# Mucho Trout at ML



## litlblusrn4bigred (Jan 8, 2007)

The wife and I hit the goon to day. Went out of haulover over to tiger shoal. had a blast, caught a bunch of trout and missed one red. It was a beautiful morning. We were off the water by 12. Mucho Hott our there. Here are a few pics....next time will be better report. 
















first trout of the morning








poor dolphin
























my biggest trout to date! 28 inches
































what a day on the water. all to gether we caught 20 trout, and one jack about 2lbs. Thanks for lookin!


----------



## tom_in_orl (Dec 9, 2006)

Nice trout! Shirt is looking good too [smiley=1-thumbsup3.gif]


BTW, Your wife is great photographer!


----------



## litlblusrn4bigred (Jan 8, 2007)

> Nice trout! Shirt is looking good too  [smiley=1-thumbsup3.gif]
> 
> 
> BTW, Your wife is great photographer!


thanks Tom. She loves taking pics. Gotta love those t's.


----------



## St._Sophie_Girl (Dec 13, 2006)

Way to go!! But that dolphin... How did it die???? :'( :'(


----------



## litlblusrn4bigred (Jan 8, 2007)

> Way to go!!  But that dolphin...  How did it die????   :'( :'(



not sure....looks as though its been there for a while. i have heard a few reports of dead dolphin.....not in the lagoon but, else where. what a shame. probably the heat? looked like a turtle from a distance then we got up close and saw that indeed it was a dolphin. :'(


----------



## markdido (Apr 25, 2007)

Looks like I picked the wrong lagoon!

I put in at Parrish at sunrise sunday morning. Ran through the railroad bridge and had several nice south to north drifts on Carbide flats, but no fish.

Finally hooked something up, but it spit the hook about half way to the boat.

My guess is that it was a monster red! (That's my story and I'm sticking to it!)


----------



## Ron_W. (Dec 14, 2006)

Great Trout! Get any on top waters?


----------



## litlblusrn4bigred (Jan 8, 2007)

> Great Trout! Get any on top waters?



we were tearing them up on top water when we first got there. I switched to the exude just to throw something weedless.


----------



## litlblusrn4bigred (Jan 8, 2007)

> Looks like I picked the wrong lagoon!
> 
> I put in at Parrish at sunrise sunday morning.
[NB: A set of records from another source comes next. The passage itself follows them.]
(* Let $(\varphi_n)_{n\ge0}$ be vectors in $\mathbb{R}^d$, $r_0=1$, $r_n=1+\sum_{i=1}^n\|\varphi_i\|^2$, $A_n=\varphi_n\varphi_n^\top/r_n$, and define $\Phi(i,i)=I$, $\Phi(n+1,i)=(I-A_n)\Phi(n,i)$ for $n\ge i$. Assume $r_n\to\infty$, $r_n=O(r_{n-1})$, and that for some $\alpha<1$ $$\kappa\Big(\sum_{i=1}^n\varphi_i\varphi_i^\top\Big)=O\big((\log r_n)^\alpha\big),$$ i.e. there exist $M>0$ and $n_0$ such that for all $n\ge n_0$ the matrix $\sum_{i=1}^n\varphi_i\varphi_i^\top$ is nonsingular with condition number at most $M(\log r_n)^\alpha$. Then $\Phi(n,0)\to0$ as $n\to\infty$.
   Context: For a nonsingular matrix $A$, $\kappa(A)=\|A\|\,\|A^{-1}\|$ with $\|\cdot\|$ the spectral norm; $\log$ is the natural logarithm; $r_n=O(r_{n-1})$ means $r_n\le Cr_{n-1}$ for some constant $C$ and all $n\ge1$. *)

theory Defs
  imports "HOL-Analysis.Analysis"
begin

definition spec_norm :: "real^'d^'d \<Rightarrow> real" where
  "spec_norm A = onorm (\<lambda>x. A *v x)"

definition cond_num :: "real^'d^'d \<Rightarrow> real" where
  "cond_num A = spec_norm A * spec_norm (matrix_inv A)"

definition outer :: "real^'d \<Rightarrow> real^'d^'d" where
  "outer v = (\<chi> i j. v $ i * v $ j)"

definition rseq :: "(nat \<Rightarrow> real^'d) \<Rightarrow> nat \<Rightarrow> real" where
  "rseq phi n = 1 + (\<Sum>i=1..n. (norm (phi i))^2)"

definition Amat :: "(nat \<Rightarrow> real^'d) \<Rightarrow> nat \<Rightarrow> real^'d^'d" where
  "Amat phi n = (1 / rseq phi n) *\<^sub>R outer (phi n)"

primrec Phi0 :: "(nat \<Rightarrow> real^'d) \<Rightarrow> nat \<Rightarrow> real^'d^'d" where
  "Phi0 phi 0 = mat 1"
| "Phi0 phi (Suc n) = (mat 1 - Amat phi n) ** Phi0 phi n"

end

theory Submission
  imports Defs "HOL-Real_Asymp.Real_Asymp"
begin

(* Let x_n = Phi(n,0) x and V_n = |x_n|^2. For n >= 1 every step dissipates energy,
   V_(n+1) + (phi_n . x_n)^2 / r_n <= V_n, and the condition number bound turns into the
   excitation inequality (r_n - 1) |y|^2 <= d K_n sum_(i<=n) (phi_i . y)^2 with
   K_n = M (ln r_n)^alpha. Let p + 1 be the first time at which r exceeds r_n / (4 d K_n). The
   early regressors phi_1..phi_p carry at most a quarter of the excitation, so x_(p+1) is
   excited by phi_(p+1)..phi_n; freezing x at time p + 1 costs a drift controlled by
   sum |phi_j|^2 / r_j <= ln (r_n / r_p) <= l = ln (4 d C K_n), and the dissipated energy gives
   V_(n+1) <= (1 - 1 / (8 d K_n (1 + l^2))) V_(p+1). Since K_n (ln K_n)^3 = o(ln r_n) for
   alpha < 1, this contraction beats the growth of ln r, so the potential V_n ln r_n never exceeds
   its values on an initial segment; hence V_n = O(1 / ln r_n) -> 0 for every x. *)

section \<open>The normalising sequence\<close>

lemma rseq_0 [simp]: "rseq phi 0 = 1"
  by (simp add: rseq_def)

lemma rseq_Suc: "rseq phi (Suc n) = rseq phi n + (norm (phi (Suc n)))\<^sup>2"
  by (simp add: rseq_def)

lemma rseq_ge_1: "1 \<le> rseq phi n"
  by (simp add: rseq_def sum_nonneg)

lemma rseq_pos: "0 < rseq phi n"
  using rseq_ge_1[of phi n] by linarith

lemma rseq_mono: "m \<le> n \<Longrightarrow> rseq phi m \<le> rseq phi n"
  by (induction n rule: dec_induct) (auto simp: rseq_Suc intro: order_trans)

lemma norm_sq_le_rseq: "1 \<le> k \<Longrightarrow> (norm (phi k))\<^sup>2 \<le> rseq phi k"
  using rseq_Suc[of phi "k - 1"] rseq_ge_1[of phi "k - 1"] by (cases k) auto

lemma sum_norm_sq_div_rseq_le_ln:
  assumes "p \<le> n"
  shows "(\<Sum>j=Suc p..n. (norm (phi j))\<^sup>2 / rseq phi j) \<le> ln (rseq phi n) - ln (rseq phi p)"
  using assms
proof (induction n rule: dec_induct)
  case (step n)
  have r_pos: "0 < rseq phi n" "0 < rseq phi (Suc n)"
    by (simp_all add: rseq_pos)
  have "(norm (phi (Suc n)))\<^sup>2 / rseq phi (Suc n) = 1 - rseq phi n / rseq phi (Suc n)"
    using r_pos by (simp add: rseq_Suc field_simps)
  also have "\<dots> \<le> - ln (rseq phi n / rseq phi (Suc n))"
    using ln_le_minus_one[of "rseq phi n / rseq phi (Suc n)"] r_pos by simp
  also have "\<dots> = ln (rseq phi (Suc n)) - ln (rseq phi n)"
    using r_pos by (simp add: ln_div)
  finally show ?case
    using step.IH step.hyps by simp
qed simp

lemma growth_const_ge_1:
  assumes "\<And>k. 1 \<le> k \<Longrightarrow> rseq phi k \<le> C * rseq phi (k - 1)"
  shows "1 \<le> C"
  using assms[of 1] rseq_ge_1[of phi 1] by simp

lemma ln_rseq_Suc_le:
  assumes growth: "\<And>k. 1 \<le> k \<Longrightarrow> rseq phi k \<le> C * rseq phi (k - 1)"
  shows "ln (rseq phi (Suc n)) \<le> ln C + ln (rseq phi n)"
proof -
  have "ln (rseq phi (Suc n)) \<le> ln (C * rseq phi n)"
    using growth[of "Suc n"] rseq_pos[of phi "Suc n"] by simp
  also have "\<dots> = ln C + ln (rseq phi n)"
    using growth_const_ge_1[OF growth] rseq_pos[of phi n] by (simp add: ln_mult)
  finally show ?thesis .
qed

lemma sum_inner_sq_le_rseq:
  "(\<Sum>i=1..p. (phi i \<bullet> y)\<^sup>2) \<le> (rseq phi p - 1) * (norm y)\<^sup>2"
proof -
  have "(\<Sum>i=1..p. (phi i \<bullet> y)\<^sup>2) \<le> (\<Sum>i=1..p. (norm (phi i))\<^sup>2 * (norm y)\<^sup>2)"
    using Cauchy_Schwarz_ineq by (intro sum_mono) (simp add: power2_norm_eq_inner)
  then show ?thesis
    by (simp add: rseq_def sum_distrib_right)
qed

section \<open>Condition number and excitation\<close>

lemma outer_mult_vec: "outer v *v y = (v \<bullet> y) *\<^sub>R v"
  by (simp add: vec_eq_iff outer_def matrix_vector_mult_def inner_vec_def sum_distrib_left
      algebra_simps)

lemma sum_matrix_vector_mult:
  fixes A :: "'i \<Rightarrow> real^'n^'m"
  shows "(\<Sum>i\<in>I. A i) *v y = (\<Sum>i\<in>I. A i *v y)"
  by (induction I rule: infinite_finite_induct) (auto simp: matrix_vector_mult_add_rdistrib)

lemma inner_sum_outer_mult_vec:
  "y \<bullet> ((\<Sum>i\<in>I. outer (v i)) *v z) = (\<Sum>i\<in>I. (v i \<bullet> y) * (v i \<bullet> z))"
  by (simp add: sum_matrix_vector_mult outer_mult_vec inner_sum_right inner_commute mult.commute)

lemma matrix_inv_right: "invertible (S::real^'n^'n) \<Longrightarrow> S ** matrix_inv S = mat 1"
  unfolding invertible_def matrix_inv_def by (rule someI2_ex) auto

lemma spec_norm_bound: "norm (A *v y) \<le> spec_norm A * norm y"
  unfolding spec_norm_def by (rule onorm) simp

lemma spec_norm_nonneg: "0 \<le> spec_norm A"
  unfolding spec_norm_def by (rule onorm_pos_le) simp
Ran through the railroad bridge and had several nice south to north drifts on Carbide flats, but no fish.
> 
> ...


Thats too bad.  I dont like losing fish, especialy when you fight them for a bit and then brake off.  These trout are usually in the same area when I go most of the time.  Let me know sometime and we could hook up and fish.


----------